Count every line in the entries that contains "thesis". Report that count alone.

*DATASET EXCERPTS*:
• • •

(* Every Sasakian Lie algebroid is $K$-contact; that is, if $E$ is a contact Riemannian Lie algebroid whose associated almost contact Riemannian structure $(F_E,\xi,\eta,g_E)$ is normal, then $\xi$ is a Killing section of $g_E$.
   Context: A Lie algebroid $(E,\rho_E,[\cdot,\cdot]_E)$ over $M$ is a vector bundle with anchor $\rho_E:E\to TM$ and Lie bracket on $\Gamma(E)$ with $[s_1,fs_2]_E=f[s_1,s_2]_E+\rho_E(s_1)(f)s_2$. For a 1-form $\eta$, $(d_E\eta)(s_1,s_2)=\frac12\{\rho_E(s_1)(\eta(s_2))-\rho_E(s_2)(\eta(s_1))-\eta([s_1,s_2]_E)\}$. For $E$ of rank $2m+1$, an almost contact Riemannian structure $(F_E,\xi,\eta,g_E)$: endomorphism $F_E$, $\xi\in\Gamma(E)$, $\eta\in\Gamma(E^* )$, bundle metric $g_E$ with $F_E^2=-I_E+\eta\otimes\xi$, $\eta(\xi)=1$, $g_E(F_Es_1,F_Es_2)=g_E(s_1,s_2)-\eta(s_1)\eta(s_2)$; fundamental form $\Omega_E(s_1,s_2)=g_E(s_1,F_Es_2)$. $E$ is contact Riemannian if also $\eta\wedge(d_E\eta)^m$ vanishes nowhere and $d_E\eta=\Omega_E$. The structure is normal if $N_{F_E}+2\,d_E\eta\otimes\xi=0$, where $N_{F_E}(s_1,s_2)=[F_Es_1,F_Es_2]_E-F_E[F_Es_1,s_2]_E-F_E[s_1,F_Es_2]_E+F_E^2[s_1,s_2]_E$. A Sasakian Lie algebroid is a contact Riemannian Lie algebroid whose structure is normal. $\xi$ is Killing if $\rho_E(\xi)(g_E(s_1,s_2))-g_E([\xi,s_1]_E,s_2)-g_E(s_1,[\xi,s_2]_E)=0$ for all $s_1,s_2$; $K$-contact means contact Riemannian with $\xi$ Killing. *)

theory Defs
  imports "HOL-Analysis.Analysis"
begin

text \<open>Abstract model of a Lie algebroid over a manifold M (type 'm).
  Smooth functions: a set C of real functions on M.
  Vector bundle E: fibres E x, linear subspaces of an ambient real vector space 'e,
  with a set Gam of smooth sections (functions 'm => 'e with s x in E x).
  Anchor: rho s is the vector field rho_E(s), acting as a derivation on C.\<close>

definition lin_on :: "'a::real_vector set \<Rightarrow> ('a \<Rightarrow> 'b::real_vector) \<Rightarrow> bool" where
  "lin_on V f \<longleftrightarrow> (\<forall>u\<in>V. \<forall>v\<in>V. f (u + v) = f u + f v) \<and> (\<forall>c. \<forall>u\<in>V. f (c *\<^sub>R u) = c *\<^sub>R f u)"

definition fmul :: "('m \<Rightarrow> real) \<Rightarrow> ('m \<Rightarrow> 'e::real_vector) \<Rightarrow> ('m \<Rightarrow> 'e)" where
  "fmul f s = (\<lambda>x. f x *\<^sub>R s x)"

definition lie_algebroid ::
  "('m \<Rightarrow> real) set \<Rightarrow> ('m \<Rightarrow> 'e::real_vector set) \<Rightarrow> ('m \<Rightarrow> 'e) set
   \<Rightarrow> (('m \<Rightarrow> 'e) \<Rightarrow> ('m \<Rightarrow> real) \<Rightarrow> ('m \<Rightarrow> real))
   \<Rightarrow> (('m \<Rightarrow> 'e) \<Rightarrow> ('m \<Rightarrow> 'e) \<Rightarrow> ('m \<Rightarrow> 'e)) \<Rightarrow> bool" where
  "lie_algebroid C E Gam rho br \<longleftrightarrow>
     \<comment> \<open>smooth functions form an algebra containing the constants\<close>
     (\<forall>c. (\<lambda>x. c) \<in> C) \<and>
     (\<forall>f\<in>C. \<forall>h\<in>C. (\<lambda>x. f x + h x) \<in> C \<and> (\<lambda>x. f x * h x) \<in> C) \<and>
     \<comment> \<open>vector bundle: fibres are subspaces; sections form a C-module and span each fibre\<close>
     (\<forall>x. subspace (E x)) \<and>
     (\<forall>s\<in>Gam. \<forall>x. s x \<in> E x) \<and>
     (\<forall>x. \<forall>v\<in>E x. \<exists>s\<in>Gam. s x = v) \<and>
     (\<lambda>x. 0) \<in> Gam \<and>
     (\<forall>s\<in>Gam. \<forall>t\<in>Gam. (\<lambda>x. s x + t x) \<in> Gam) \<and>
     (\<forall>f\<in>C. \<forall>s\<in>Gam. fmul f s \<in> Gam) \<and>
     \<comment> \<open>anchor: rho s is a vector field (derivation of C), C-linear in s\<close>
     (\<forall>s\<in>Gam. \<forall>f\<in>C. rho s f \<in> C) \<and>
     (\<forall>s\<in>Gam. \<forall>f\<in>C. \<forall>h\<in>C. rho s (\<lambda>x. f x + h x) = (\<lambda>x. rho s f x + rho s h x)) \<and>
     (\<forall>s\<in>Gam. \<forall>f\<in>C. \<forall>c. rho s (\<lambda>x. c * f x) = (\<lambda>x. c * rho s f x)) \<and>
     (\<forall>s\<in>Gam. \<forall>f\<in>C. \<forall>h\<in>C. rho s (\<lambda>x. f x * h x) = (\<lambda>x. f x * rho s h x + h x * rho s f x)) \<and>
     (\<forall>s\<in>Gam. \<forall>t\<in>Gam. \<forall>f\<in>C. rho (\<lambda>x. s x + t x) f = (\<lambda>x. rho s f x + rho t f x)) \<and>
     (\<forall>s\<in>Gam. \<forall>h\<in>C. \<forall>f\<in>C. rho (fmul h s) f = (\<lambda>x. h x * rho s f x)) \<and>
     \<comment> \<open>Lie bracket on sections\<close>
     (\<forall>s\<in>Gam. \<forall>t\<in>Gam. br s t \<in> Gam) \<and>
     (\<forall>s\<in>Gam. \<forall>t\<in>Gam. \<forall>u\<in>Gam. br s (\<lambda>x. t x + u x) = (\<lambda>x. br s t x + br s u x)) \<and>
     (\<forall>s\<in>Gam. \<forall>t\<in>Gam. \<forall>c. br s (\<lambda>x. c *\<^sub>R t x) = (\<lambda>x. c *\<^sub>R br s t x)) \<and>
     (\<forall>s\<in>Gam. \<forall>t\<in>Gam. br s t = (\<lambda>x. - br t s x)) \<and>
     (\<forall>s\<in>Gam. \<forall>t\<in>Gam. \<forall>u\<in>Gam.
        (\<lambda>x. br s (br t u) x + br t (br u s) x + br u (br s t) x) = (\<lambda>x. 0)) \<and>
     \<comment> \<open>Leibniz rule\<close>
     (\<forall>s\<in>Gam. \<forall>t\<in>Gam. \<forall>f\<in>C.
        br s (fmul f t) = (\<lambda>x. f x *\<^sub>R br s t x + rho s f x *\<^sub>R t x)) \<and>
     \<comment> \<open>the anchor preserves brackets (standard consequence, made explicit)\<close>
     (\<forall>s\<in>Gam. \<forall>t\<in>Gam. \<forall>f\<in>C.
        rho (br s t) f = (\<lambda>x. rho s (rho t f) x - rho t (rho s f) x))"

definition dE ::
  "(('m \<Rightarrow> 'e) \<Rightarrow> ('m \<Rightarrow> real) \<Rightarrow> ('m \<Rightarrow> real)) \<Rightarrow> (('m \<Rightarrow> 'e) \<Rightarrow> ('m \<Rightarrow> 'e) \<Rightarrow> ('m \<Rightarrow> 'e))
   \<Rightarrow> ('m \<Rightarrow> 'e \<Rightarrow> real) \<Rightarrow> ('m \<Rightarrow> 'e) \<Rightarrow> ('m \<Rightarrow> 'e) \<Rightarrow> ('m \<Rightarrow> real)" where
  "dE rho br eta s1 s2 = (\<lambda>x. (1/2) * (rho s1 (\<lambda>y. eta y (s2 y)) x - rho s2 (\<lambda>y. eta y (s1 y)) x
                                        - eta x (br s1 s2 x)))"

definition fundamental_form ::
  "('m \<Rightarrow> 'e \<Rightarrow> 'e) \<Rightarrow> ('m \<Rightarrow> 'e \<Rightarrow> 'e \<Rightarrow> real) \<Rightarrow> ('m \<Rightarrow> 'e) \<Rightarrow> ('m \<Rightarrow> 'e) \<Rightarrow> ('m \<Rightarrow> real)" where
  "fundamental_form F g s1 s2 = (\<lambda>x. g x (s1 x) (F x (s2 x)))"

definition endo_sec :: "('m \<Rightarrow> 'e \<Rightarrow> 'e) \<Rightarrow> ('m \<Rightarrow> 'e) \<Rightarrow> ('m \<Rightarrow> 'e)" where
  "endo_sec F s = (\<lambda>x. F x (s x))"

definition almost_contact_riemannian ::
  "('m \<Rightarrow> real) set \<Rightarrow> ('m \<Rightarrow> 'e::real_vector set) \<Rightarrow> ('m \<Rightarrow> 'e) set \<Rightarrow> nat
   \<Rightarrow> ('m \<Rightarrow> 'e \<Rightarrow> 'e) \<Rightarrow> ('m \<Rightarrow> 'e) \<Rightarrow> ('m \<Rightarrow> 'e \<Rightarrow> real) \<Rightarrow> ('m \<Rightarrow> 'e \<Rightarrow> 'e \<Rightarrow> real) \<Rightarrow> bool" where
  "almost_contact_riemannian C E Gam m F xi eta g \<longleftrightarrow>
     \<comment> \<open>rank 2m+1\<close>
     (\<forall>x. dim (E x) = 2 * m + 1) \<and>
     \<comment> \<open>F smooth bundle endomorphism\<close>
     (\<forall>x. lin_on (E x) (F x) \<and> F x ` E x \<subseteq> E x) \<and>
     (\<forall>s\<in>Gam. endo_sec F s \<in> Gam) \<and>
     \<comment> \<open>xi smooth section, eta smooth 1-form\<close>
     xi \<in> Gam \<and>
     (\<forall>x. lin_on (E x) (eta x)) \<and>
     (\<forall>s\<in>Gam. (\<lambda>x. eta x (s x)) \<in> C) \<and>
     \<comment> \<open>g smooth bundle metric\<close>
     (\<forall>x. \<forall>u\<in>E x. lin_on (E x) (g x u)) \<and>
     (\<forall>x. \<forall>u\<in>E x. \<forall>v\<in>E x. g x u v = g x v u) \<and>
     (\<forall>x. \<forall>u\<in>E x. u \<noteq> 0 \<longrightarrow> g x u u > 0) \<and>
     (\<forall>s\<in>Gam. \<forall>t\<in>Gam. (\<lambda>x. g x (s x) (t x)) \<in> C) \<and>
     \<comment> \<open>almost contact metric identities\<close>
     (\<forall>x. \<forall>v\<in>E x. F x (F x v) = - v + eta x v *\<^sub>R xi x) \<and>
     (\<forall>x. eta x (xi x) = 1) \<and>
     (\<forall>x. \<forall>u\<in>E x. \<forall>v\<in>E x. g x (F x u) (F x v) = g x u v - eta x u * eta x v)"
lemma card_lattice_class:
  "card (lattice_class r n) = 2 * card (pent_class r n) + card (three_part r n)"
proof -
  define part where "part c = {(X, Y) \<in> lattice_class r n. X mod 6 = c}" for c :: int
  have "X mod 6 = 1 \<or> X mod 6 = 5 \<or> X mod 6 = 3" if "(X, Y) \<in> lattice_class r n" for X Y
  proof -
    have "odd Y" "12 dvd (Y - X - 6*r)" using that by (simp_all add: lattice_class_def)
    then show ?thesis by presburger
  qed
  then have split: "lattice_class r n = (part 1 \<union> part 5) \<union> part 3"
    unfolding part_def by auto
  have fin: "finite (part c)" for c
    unfolding part_def using finite_lattice_class by (rule finite_subset[rotated]) auto
  have "card (lattice_class r n) = card (part 1 \<union> part 5) + card (part 3)"
    unfolding split using fin by (intro card_Un_disjoint) (auto simp: part_def)
  also have "card (part 1 \<union> part 5) = card (part 1) + card (part 5)"
    using fin by (intro card_Un_disjoint) (auto simp: part_def)
  also have "card (part 5) = card (part 1)"
    unfolding part_def by (rule card_lattice_five)
  also have "card (part 1) = card (pent_class r n)"
    unfolding part_def by (rule bij_betw_same_card[OF bij_pent_class, symmetric])
  also have "part 3 = three_part r n"
    unfolding part_def three_part_def ..
  finally show ?thesis by simp
qed

lemma finite_pent_class: "finite (pent_class r n)"
proof -
  have "finite {(X, Y) \<in> lattice_class r n. X mod 6 = 1}"
    by (rule finite_subset[OF _ finite_lattice_class]) auto
  then show ?thesis using bij_betw_finite[OF bij_pent_class] by blast
qed

lemma finite_norm_reps: "finite (norm_reps n)"
  using bij_betw_finite[OF bij_norm_reps] finite_lattice_class by blast

lemma finite_shifted_reps: "finite (shifted_reps n)"
  using bij_betw_finite[OF bij_shifted_reps] finite_lattice_class by blast

text \<open>The lattice identity: \<open>#norm_reps(n) - #shifted_reps(n) = 2 (#even - #odd pentagonal pairs)\<close>,
  stated without subtraction.\<close>
lemma card_norm_reps: "card (norm_reps n) = 2 * card (pent_class 0 n) + card (three_part 0 n)"
  using bij_betw_same_card[OF bij_norm_reps] card_lattice_class by simp

lemma card_shifted_reps: "card (shifted_reps n) = 2 * card (pent_class 1 n) + card (three_part 0 n)"
  using bij_betw_same_card[OF bij_shifted_reps] card_lattice_class card_three_part[of 1] by simp

definition weight :: "nat list \<times> nat list \<Rightarrow> int" where
  "weight = (\<lambda>(m1, m2). 2 * psize m1 + 22 * psize m2)"

definition part_pairs :: "int \<Rightarrow> (nat list \<times> nat list) set" where
  "part_pairs N = {m. fst m \<in> Partitions \<and> snd m \<in> Partitions \<and> weight m \<le> N}"

definition config :: "int \<Rightarrow> int \<Rightarrow> ((nat list \<times> nat list) \<times> (int \<times> int)) set" where
  "config r N = Sigma (part_pairs N) (\<lambda>m. pent_class r (N - weight m))"

lemma finite_partitions_upto: "finite {xs \<in> Partitions. psize xs \<le> K}"
proof (rule finite_subset)
  show "{xs \<in> Partitions. psize xs \<le> K} \<subseteq> {xs. set xs \<subseteq> {0..nat K} \<and> length xs \<le> nat K}"
  proof clarify
    fix xs assume xs: "xs \<in> Partitions" "psize xs \<le> K"
    have "length xs \<le> sum_list xs" using length_le_sum_list part_pos[OF xs(1)] by blast
    moreover have "x \<le> sum_list xs" if "x \<in> set xs" for x
      using member_le_sum_list[OF that] by simp
    ultimately show "set xs \<subseteq> {0..nat K} \<and> length xs \<le> nat K"
      using xs(2) unfolding psize_def by fastforce
  qed
qed (rule finite_lists_length_le, simp)

lemma finite_part_pairs: "finite (part_pairs N)"
proof (rule finite_subset)
  show "part_pairs N \<subseteq> {xs \<in> Partitions. psize xs \<le> N} \<times> {xs \<in> Partitions. psize xs \<le> N}"
    unfolding part_pairs_def weight_def psize_def by auto
qed (intro finite_cartesian_product finite_partitions_upto)

lemma card_config: "card (config r N) = (\<Sum>m\<in>part_pairs N. card (pent_class r (N - weight m)))"
  unfolding config_def using finite_part_pairs finite_pent_class by simp

definition pair_flip ::
  "(nat list \<times> nat list) \<times> (int \<times> int) \<Rightarrow> (nat list \<times> nat list) \<times> (int \<times> int)" where
  "pair_flip = (\<lambda>((m1, m2), (j, k)).
     if psize m1 + pent j \<noteq> 0
     then ((snd (euler_flip (j, m1)), m2), (fst (euler_flip (j, m1)), k))
     else ((m1, snd (euler_flip (k, m2))), (j, fst (euler_flip (k, m2)))))"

• • •

*EXPECTED ANSWER*: 3